▶ _Prompt_
Nothing but the records beneath, reproduced exactly, should appear in the answer.

+++ Input data

lemma frequently_digit_if_not_alternating:
  assumes pairs: "complementary_pairs a N"
    and not_alt: "\<not> (\<forall>\<^sub>F n in sequentially. a n + a (Suc n) = 1)" and "b \<le> 1"
  shows "\<exists>\<^sub>F i in sequentially. a (N + 2 * i + 1) = b"
proof (rule ccontr)
  assume "\<not> ?thesis"
  then obtain i0 where ne: "\<And>i. i \<ge> i0 \<Longrightarrow> a (N + 2 * i + 1) \<noteq> b"
    by (auto simp: not_frequently eventually_sequentially)
  have i0: "a (N + 2 * i + 1) = 1 - b" if "i \<ge> i0" for i
    using ne[OF that] digit_cases[of "N + 2 * i"] \<open>b \<le> 1\<close> by auto
  have "a n + a (Suc n) = 1" if "n \<ge> N + 2 * i0 + 1" for n
  proof -
    define i where "i = (n - N - 1) div 2"
    have "i \<ge> i0" "n = N + 2 * i + 1 \<or> n = N + 2 * i + 2" using that by (auto simp: i_def)
    moreover have "a (N + 2 * i + 1) + a (N + 2 * i + 2) = 1"
      using pairs unfolding complementary_pairs_def by blast
    ultimately show ?thesis
      using i0[of i] i0[of "Suc i"] \<open>b \<le> 1\<close> by auto
  qed
  then show False
    using not_alt by (auto simp: eventually_sequentially)
qed

theorem superdiff_takagi_complementary_pairs:
  assumes nd: "x \<notin> dyadic" and pairs: "complementary_pairs a N"
    and not_alt: "\<not> (\<forall>\<^sub>F n in sequentially. a n + a (Suc n) = 1)"
  shows "superdiff takagi x = {of_int (slope N)}"
proof -
  have max: "takagi (bin_tail a N) = 2/3"
    using pairs by (rule takagi_bin_tail_complementary_pairs)
  have "\<exists>\<^sub>F M in sequentially. a (Suc M) = b \<and> slope M = slope N" if "b \<le> 1" for b
    using frequently_digit_if_not_alternating[OF pairs not_alt that] pairs
    by (rule frequently_slope_if_frequently_digit[rotated])
  then show ?thesis
    using superdiff_eq_slope_Icc[OF nd max max] by simp
qed

end

theorem theorem2p6:
  fixes x :: real and k :: int and a :: "nat \<Rightarrow> nat"
  assumes digits: "\<forall>n\<ge>1. a n \<in> {0, 1}"
    and expansion: "x = of_int k + (\<Sum>n. real (a (Suc n)) / 2 ^ Suc n)"
  shows "(x \<in> dyadic \<longrightarrow> superdiff takagi x = {})
    \<and> (\<forall>m\<ge>1. x \<notin> dyadic \<and> (\<forall>n\<ge>m. a n + a (Suc n) = 1) \<longrightarrow>
         superdiff takagi x =
           (let c = real m - 1 - 2 * (\<Sum>j=1..<m. real (a j))
            in if a m = 0 then (\<lambda>t. c + t) ` {0..1} else (\<lambda>t. c + t) ` {-1..0}))
    \<and> (x \<notin> dyadic \<and> \<not> (\<exists>m\<ge>1. \<forall>n\<ge>m. a n + a (Suc n) = 1) \<longrightarrow>
         (\<forall>m\<ge>1. (\<forall>i. a (m + 2 * i) + a (m + 2 * i + 1) = 1) \<longrightarrow>
            superdiff takagi x = {real m - 1 - 2 * (\<Sum>j=1..<m. real (a j))}))
    \<and> (x \<notin> dyadic \<and> \<not> (\<exists>m\<ge>1. \<forall>n\<ge>m. a n + a (Suc n) = 1)
         \<and> \<not> (\<exists>m\<ge>1. \<forall>i. a (m + 2 * i) + a (m + 2 * i + 1) = 1) \<longrightarrow>
         superdiff takagi x = {})"
proof -
  interpret binary_expansion x k a using digits expansion by unfold_locales
  have slope_eq: "real (Suc N) - 1 - 2 * (\<Sum>j=1..<Suc N. real (a j)) = of_int (slope N)" for N
    by (simp add: slope_eq_digit_sum atLeastLessThanSuc_atLeastAtMost)
  have pairs: "(\<forall>i. a (Suc N + 2 * i) + a (Suc N + 2 * i + 1) = 1) \<longleftrightarrow> complementary_pairs a N" for N
    by (simp add: complementary_pairs_def)
  have Suc_iff: "(\<forall>m\<ge>1. P m) \<longleftrightarrow> (\<forall>N. P (Suc N))" "(\<exists>m\<ge>1. P m) \<longleftrightarrow> (\<exists>N. P (Suc N))"
    for P :: "nat \<Rightarrow> bool"
    by (auto dest!: Suc_le_D)
  have "superdiff takagi x = (let c = real (Suc N) - 1 - 2 * (\<Sum>j=1..<Suc N. real (a j))
      in if a (Suc N) = 0 then (\<lambda>t. c + t) ` {0..1} else (\<lambda>t. c + t) ` {-1..0})"
    if "x \<notin> dyadic" "\<forall>n\<ge>Suc N. a n + a (Suc n) = 1" for N
    using superdiff_takagi_alternating[OF that(1), of N] that(2)
    unfolding alternating_iff_complementary_pairs slope_eq Let_def by (simp add: add.commute)
  then show ?thesis
    unfolding eventually_sequentially_ge_one Suc_iff pairs slope_eq
    using superdiff_takagi_dyadic superdiff_takagi_complementary_pairs complementary_pairs_if_superdiff
    by blast
qed

end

++++++

▶ _Response to this task_
lemma frequently_digit_if_not_alternating:
  assumes pairs: "complementary_pairs a N"
    and not_alt: "\<not> (\<forall>\<^sub>F n in sequentially. a n + a (Suc n) = 1)" and "b \<le> 1"
  shows "\<exists>\<^sub>F i in sequentially. a (N + 2 * i + 1) = b"
proof (rule ccontr)
  assume "\<not> ?thesis"
  then obtain i0 where ne: "\<And>i. i \<ge> i0 \<Longrightarrow> a (N + 2 * i + 1) \<noteq> b"
    by (auto simp: not_frequently eventually_sequentially)
  have i0: "a (N + 2 * i + 1) = 1 - b" if "i \<ge> i0" for i
    using ne[OF that] digit_cases[of "N + 2 * i"] \<open>b \<le> 1\<close> by auto
  have "a n + a (Suc n) = 1" if "n \<ge> N + 2 * i0 + 1" for n
  proof -
    define i where "i = (n - N - 1) div 2"
    have "i \<ge> i0" "n = N + 2 * i + 1 \<or> n = N + 2 * i + 2" using that by (auto simp: i_def)
    moreover have "a (N + 2 * i + 1) + a (N + 2 * i + 2) = 1"
      using pairs unfolding complementary_pairs_def by blast
    ultimately show ?thesis
      using i0[of i] i0[of "Suc i"] \<open>b \<le> 1\<close> by auto
  qed
  then show False
    using not_alt by (auto simp: eventually_sequentially)
qed

theorem superdiff_takagi_complementary_pairs:
  assumes nd: "x \<notin> dyadic" and pairs: "complementary_pairs a N"
    and not_alt: "\<not> (\<forall>\<^sub>F n in sequentially. a n + a (Suc n) = 1)"
  shows "superdiff takagi x = {of_int (slope N)}"
proof -
  have max: "takagi (bin_tail a N) = 2/3"
    using pairs by (rule takagi_bin_tail_complementary_pairs)
  have "\<exists>\<^sub>F M in sequentially. a (Suc M) = b \<and> slope M = slope N" if "b \<le> 1" for b
    using frequently_digit_if_not_alternating[OF pairs not_alt that] pairs
    by (rule frequently_slope_if_frequently_digit[rotated])
  then show ?thesis
    using superdiff_eq_slope_Icc[OF nd max max] by simp
qed

end

theorem theorem2p6:
  fixes x :: real and k :: int and a :: "nat \<Rightarrow> nat"
  assumes digits: "\<forall>n\<ge>1. a n \<in> {0, 1}"
    and expansion: "x = of_int k + (\<Sum>n. real (a (Suc n)) / 2 ^ Suc n)"
  shows "(x \<in> dyadic \<longrightarrow> superdiff takagi x = {})
    \<and> (\<forall>m\<ge>1. x \<notin> dyadic \<and> (\<forall>n\<ge>m. a n + a (Suc n) = 1) \<longrightarrow>
         superdiff takagi x =
           (let c = real m - 1 - 2 * (\<Sum>j=1..<m. real (a j))
            in if a m = 0 then (\<lambda>t. c + t) ` {0..1} else (\<lambda>t. c + t) ` {-1..0}))
    \<and> (x \<notin> dyadic \<and> \<not> (\<exists>m\<ge>1. \<forall>n\<ge>m. a n + a (Suc n) = 1) \<longrightarrow>
         (\<forall>m\<ge>1. (\<forall>i. a (m + 2 * i) + a (m + 2 * i + 1) = 1) \<longrightarrow>
            superdiff takagi x = {real m - 1 - 2 * (\<Sum>j=1..<m. real (a j))}))
    \<and> (x \<notin> dyadic \<and> \<not> (\<exists>m\<ge>1. \<forall>n\<ge>m. a n + a (Suc n) = 1)
         \<and> \<not> (\<exists>m\<ge>1. \<forall>i. a (m + 2 * i) + a (m + 2 * i + 1) = 1) \<longrightarrow>
         superdiff takagi x = {})"
proof -
  interpret binary_expansion x k a using digits expansion by unfold_locales
  have slope_eq: "real (Suc N) - 1 - 2 * (\<Sum>j=1..<Suc N. real (a j)) = of_int (slope N)" for N
    by (simp add: slope_eq_digit_sum atLeastLessThanSuc_atLeastAtMost)
  have pairs: "(\<forall>i. a (Suc N + 2 * i) + a (Suc N + 2 * i + 1) = 1) \<longleftrightarrow> complementary_pairs a N" for N
    by (simp add: complementary_pairs_def)
  have Suc_iff: "(\<forall>m\<ge>1. P m) \<longleftrightarrow> (\<forall>N. P (Suc N))" "(\<exists>m\<ge>1. P m) \<longleftrightarrow> (\<exists>N. P (Suc N))"
    for P :: "nat \<Rightarrow> bool"
    by (auto dest!: Suc_le_D)
  have "superdiff takagi x = (let c = real (Suc N) - 1 - 2 * (\<Sum>j=1..<Suc N. real (a j))
      in if a (Suc N) = 0 then (\<lambda>t. c + t) ` {0..1} else (\<lambda>t. c + t) ` {-1..0})"
    if "x \<notin> dyadic" "\<forall>n\<ge>Suc N. a n + a (Suc n) = 1" for N
    using superdiff_takagi_alternating[OF that(1), of N] that(2)
    unfolding alternating_iff_complementary_pairs slope_eq Let_def by (simp add: add.commute)
  then show ?thesis
    unfolding eventually_sequentially_ge_one Suc_iff pairs slope_eq
    using superdiff_takagi_dyadic superdiff_takagi_complementary_pairs complementary_pairs_if_superdiff
    by blast
qed

end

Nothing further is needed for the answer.